The post-industrial realities of today’s living, concerned with the process of Globalization, point out to the fact that there can be no standard approach in how managers may proceed with the task of strengthening team-based cohesiveness within a particular company. This especially appears to be the case nowadays, when demographic fabric of Western societies continues to undergo a dramatic transformation, due to institutialization of ‘celebration of diversity’ policy. As of today, the percentage of representatives of racial minorities within the workforce of just about every commercial/governmental organization continues to increase rather dramatically. This simultaneously presents people, in charge of promoting a communal spirit within an organization, with both: challenges and additional opportunities. As it was rightly pointed out by Milliken and Martins (1996, p. 403): “On the one hand, some research suggests that more diverse groups have the potential to consider a greater range of perspectives and to generate more high-quality solutions than less diverse groups…On the other hand, the greater the amount of diversity in a group or an organizational subunit, the less integrated the group is”. What it means is that no effective strategy for team-building can be worked out, unless managers take into consideration the specifics of workers’ ethno-cultural affiliation. This is why, it is highly recommended for managers to never cease being observant of workers’ socio-cultural backgrounds, while encouraging them to indulge in experiential learning about what would account for their increased capacity to act as members of a team, while at work.

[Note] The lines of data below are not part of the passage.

lemma node_transfer_mono:
  assumes A: "A \<subseteq> A'" and Lo: "Lo \<subseteq> Lo'"
  shows "(Lo - Kill_of P und s A) \<union> Ref_of P s A Lo
           \<subseteq> (Lo' - Kill_of P und s A') \<union> Ref_of P s A' Lo'"
    and "restr ((A - Kill_of P und s A \<times> UNIV) \<union> Def_of P s A \<times> Pointee_of s A) Lo
           \<subseteq> restr ((A' - Kill_of P und s A' \<times> UNIV) \<union> Def_of P s A' \<times> Pointee_of s A') Lo'"
proof -
  have K: "Kill_of P und s A' \<subseteq> Kill_of P und s A" by (rule Kill_antimono[OF A])
  show "(Lo - Kill_of P und s A) \<union> Ref_of P s A Lo
          \<subseteq> (Lo' - Kill_of P und s A') \<union> Ref_of P s A' Lo'"
    using K Lo Ref_mono[OF A Lo, of P s] by blast
  have "Def_of P s A \<times> Pointee_of s A \<subseteq> Def_of P s A' \<times> Pointee_of s A'"
    using Def_mono[OF A] Pointee_mono[OF A] by blast
  then show "restr ((A - Kill_of P und s A \<times> UNIV) \<union> Def_of P s A \<times> Pointee_of s A) Lo
          \<subseteq> restr ((A' - Kill_of P und s A' \<times> UNIV) \<union> Def_of P s A' \<times> Pointee_of s A') Lo'"
    using K A Lo by (intro restr_mono) blast+
qed

lemma dfF_mono:
  fixes succ :: "'n \<Rightarrow> 'n set" and stm :: "'n \<Rightarrow> 'v stmt"
  shows "mono (dfF P und succ stm startp endp)"
proof (rule monoI)
  fix u w :: "('n, 'v) dfval"
  assume "u \<le> w"
  moreover obtain Lin Lout Ain Aout where u: "u = (Lin, Lout, Ain, Aout)" by (cases u) auto
  moreover obtain Lin' Lout' Ain' Aout' where w: "w = (Lin', Lout', Ain', Aout')" by (cases w) auto
  ultimately have le: "\<And>n. Lin n \<subseteq> Lin' n" "\<And>n. Lout n \<subseteq> Lout' n"
      "\<And>n. Ain n \<subseteq> Ain' n" "\<And>n. Aout n \<subseteq> Aout' n"
    by (auto simp: less_eq_prod_def le_fun_def)
  have transfer:
    "\<And>n. (Lout n - Kill_of P und (stm n) (Ain n)) \<union> Ref_of P (stm n) (Ain n) (Lout n)
       \<subseteq> (Lout' n - Kill_of P und (stm n) (Ain' n)) \<union> Ref_of P (stm n) (Ain' n) (Lout' n)"
    "\<And>n. restr ((Ain n - Kill_of P und (stm n) (Ain n) \<times> UNIV)
            \<union> Def_of P (stm n) (Ain n) \<times> Pointee_of (stm n) (Ain n)) (Lout n)
       \<subseteq> restr ((Ain' n - Kill_of P und (stm n) (Ain' n) \<times> UNIV)
            \<union> Def_of P (stm n) (Ain' n) \<times> Pointee_of (stm n) (Ain' n)) (Lout' n)"
    by (rule node_transfer_mono[OF le(3) le(2)])+
  have flow: "\<And>n. restr (\<Union>m\<in>{m. n \<in> succ m}. Aout m) (Lin n)
       \<subseteq> restr (\<Union>m\<in>{m. n \<in> succ m}. Aout' m) (Lin' n)"
    using le by (intro restr_mono UN_mono) auto
  show "dfF P und succ stm startp endp u \<le> dfF P und succ stm startp endp w"
    unfolding u w dfF_def using le transfer flow
    by (auto simp: less_eq_prod_def le_fun_def)
qed

lemma df_solution_fixpoint:
  "dfF P und succ stm startp endp (df_solution P und succ stm startp endp)
     = df_solution P und succ stm startp endp"
  unfolding df_solution_def by (rule lfp_fixpoint[OF dfF_mono])

lemma dfF_fixpoint_equations:
  assumes "dfF P und succ stm startp endp (Lin, Lout, Ain, Aout) = (Lin, Lout, Ain, Aout)"
  shows "Lin n = (Lout n - Kill_of P und (stm n) (Ain n)) \<union> Ref_of P (stm n) (Ain n) (Lout n)"
    and "Lout n = (if n = endp then {} else (\<Union>s\<in>succ n. Lin s))"
    and "Ain n = (if n = startp then Lin n \<times> {und}
                  else restr (\<Union>m\<in>{m. n \<in> succ m}. Aout m) (Lin n))"
    and "Aout n = restr ((Ain n - Kill_of P und (stm n) (Ain n) \<times> UNIV)
                  \<union> Def_of P (stm n) (Ain n) \<times> Pointee_of (stm n) (Ain n)) (Lout n)"
  using assms[symmetric] unfolding dfF_def by simp_all

lemma Kill_store_subset:
  assumes xa: "(x, a) \<in> A" and a: "a \<noteq> und"
  shows "Kill_of P und (Store x y) A \<subseteq> {a}"
proof -
  have r: "(x, a) \<in> restr A {x}" using xa by (simp add: restr_def)
  then have c: "\<not> (restr A {x} = {} \<or> restr A {x} = {(x, und)})" using a by blast
  have "Mset und A x \<subseteq> {a}"
  proof (cases "\<exists>y. y \<noteq> und \<and> restr A {x} = {(x, y)}")
    case True
    then obtain y where y: "restr A {x} = {(x, y)}" by blast
    then have "a = y" using r by blast
    moreover have "(THE y'. restr A {x} = {(x, y')}) = y"
      using y by (intro the_equality) auto
    ultimately show ?thesis using c True by (simp only: Mset_def if_False if_True)
  next
    case False
    then have "Mset und A x = {}" using c unfolding Mset_def by (simp only: if_False)
    then show ?thesis by simp
  qed
  then show ?thesis by (auto simp: Must_def)
qed

text \<open>Throughout this block, \<sigma> is the memory on entry to a node with statement s, points-to
  information A and live-out set Lo, and \<sigma> is sound for the resulting live-in set.\<close>
context
  fixes P :: "'v set" and und :: 'v and s :: "'v stmt" and A :: "('v \<times> 'v) set"
    and Lo :: "'v set" and \<sigma> \<sigma>' :: "'v \<Rightarrow> 'v"
  assumes sound: "sound_mem und ((Lo - Kill_of P und s A) \<union> Ref_of P s A Lo) A \<sigma>"
begin

lemma frame_sound:
  assumes "v \<in> Lo" "v \<notin> Kill_of P und s A" "\<sigma>' v = \<sigma> v" "\<sigma>' v \<noteq> und"
  shows "(v, \<sigma>' v) \<in> (A - Kill_of P und s A \<times> UNIV) \<union> Def_of P s A \<times> Pointee_of s A"
  using sound assms by (auto simp: sound_mem_def)

lemma Ref_sound: "y \<in> Ref_of P s A Lo \<Longrightarrow> \<sigma> y \<noteq> und \<Longrightarrow> (y, \<sigma> y) \<in> A"
  using sound by (auto simp: sound_mem_def)

text \<open>The store case: the only location that may change is \<sigma> x, which is then defined.\<close>
lemma store_sound:
  assumes s: "s = Store x y" and x: "\<sigma> x \<noteq> und"
    and \<sigma>': "\<sigma>' = (if \<sigma> x \<in> P then \<sigma>(\<sigma> x := \<sigma> y) else \<sigma>)"
    and v: "v \<in> Lo" "\<sigma>' v \<noteq> und"
  shows "(v, \<sigma>' v) \<in> (A - Kill_of P und s A \<times> UNIV) \<union> Def_of P s A \<times> Pointee_of s A"
proof (cases "\<sigma> x \<in> P \<and> v = \<sigma> x")
  case True
  have x_pt: "(x, \<sigma> x) \<in> A" using Ref_sound[OF _ x] s by simp
  then have def: "v \<in> Def_of P s A" using True s by auto
  then have "y \<in> Ref_of P s A Lo" using s v(1) by auto
  then have "(y, \<sigma> y) \<in> A" using Ref_sound v(2) True \<sigma>' by auto
  then show ?thesis using def s True \<sigma>' by auto
next
  case False
  have x_pt: "(x, \<sigma> x) \<in> A" using Ref_sound[OF _ x] s by simp
  have "Kill_of P und s A \<subseteq> {\<sigma> x} \<inter> P"
    using Kill_store_subset[OF x_pt x] s by auto
  then have "v \<notin> Kill_of P und s A" using False by blast
  moreover have "\<sigma>' v = \<sigma> v" using False \<sigma>' by auto
  ultimately show ?thesis using frame_sound v by blast
qed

Moreover, it is also very important for managers to always keep in mind that the effective strategies for team-building must always contain provisions for the probable scope of variations, in regards to employees’ psychological traits, because it is primarily due to the inconsistency of these traits that the implementation of many policies within an organization often ends up being hampered. For example, when a particular company undergoes an organizational change, it is very common for individualistically-minded employees to resist such change with all their might, the as foremost indication of their unwillingness to associate its personal well-being with the well-being of a professional team, to which they supposedly belong. In their article, Mintzberg and Westley (1992, p. 43) state: “The force for (organizational) change… may be facilitated or embraced cooperatively by the rest of the organization or else challenged confrontationally or simply resisted passively (by individualistically minded employees), whether due to cultural blockage, bureaucratic momentum, or political reaction”. What it means is that managers, entrusted with the task of instilling workers with a collectivist spirit, need to be rather proficient with the methods of psychological manipulation. As practice shows, the most effective way to convince individualists to embrace team-spirit is proving to them that by doing it, they will be able to benefit as individuals, rather than as the members of a team. There is also another way of providing individualistically minded employees with an additional set of incentives that would prompt them to choose in favor of collectivist mode of professional behavior – allowing them to have part in executive decision-making.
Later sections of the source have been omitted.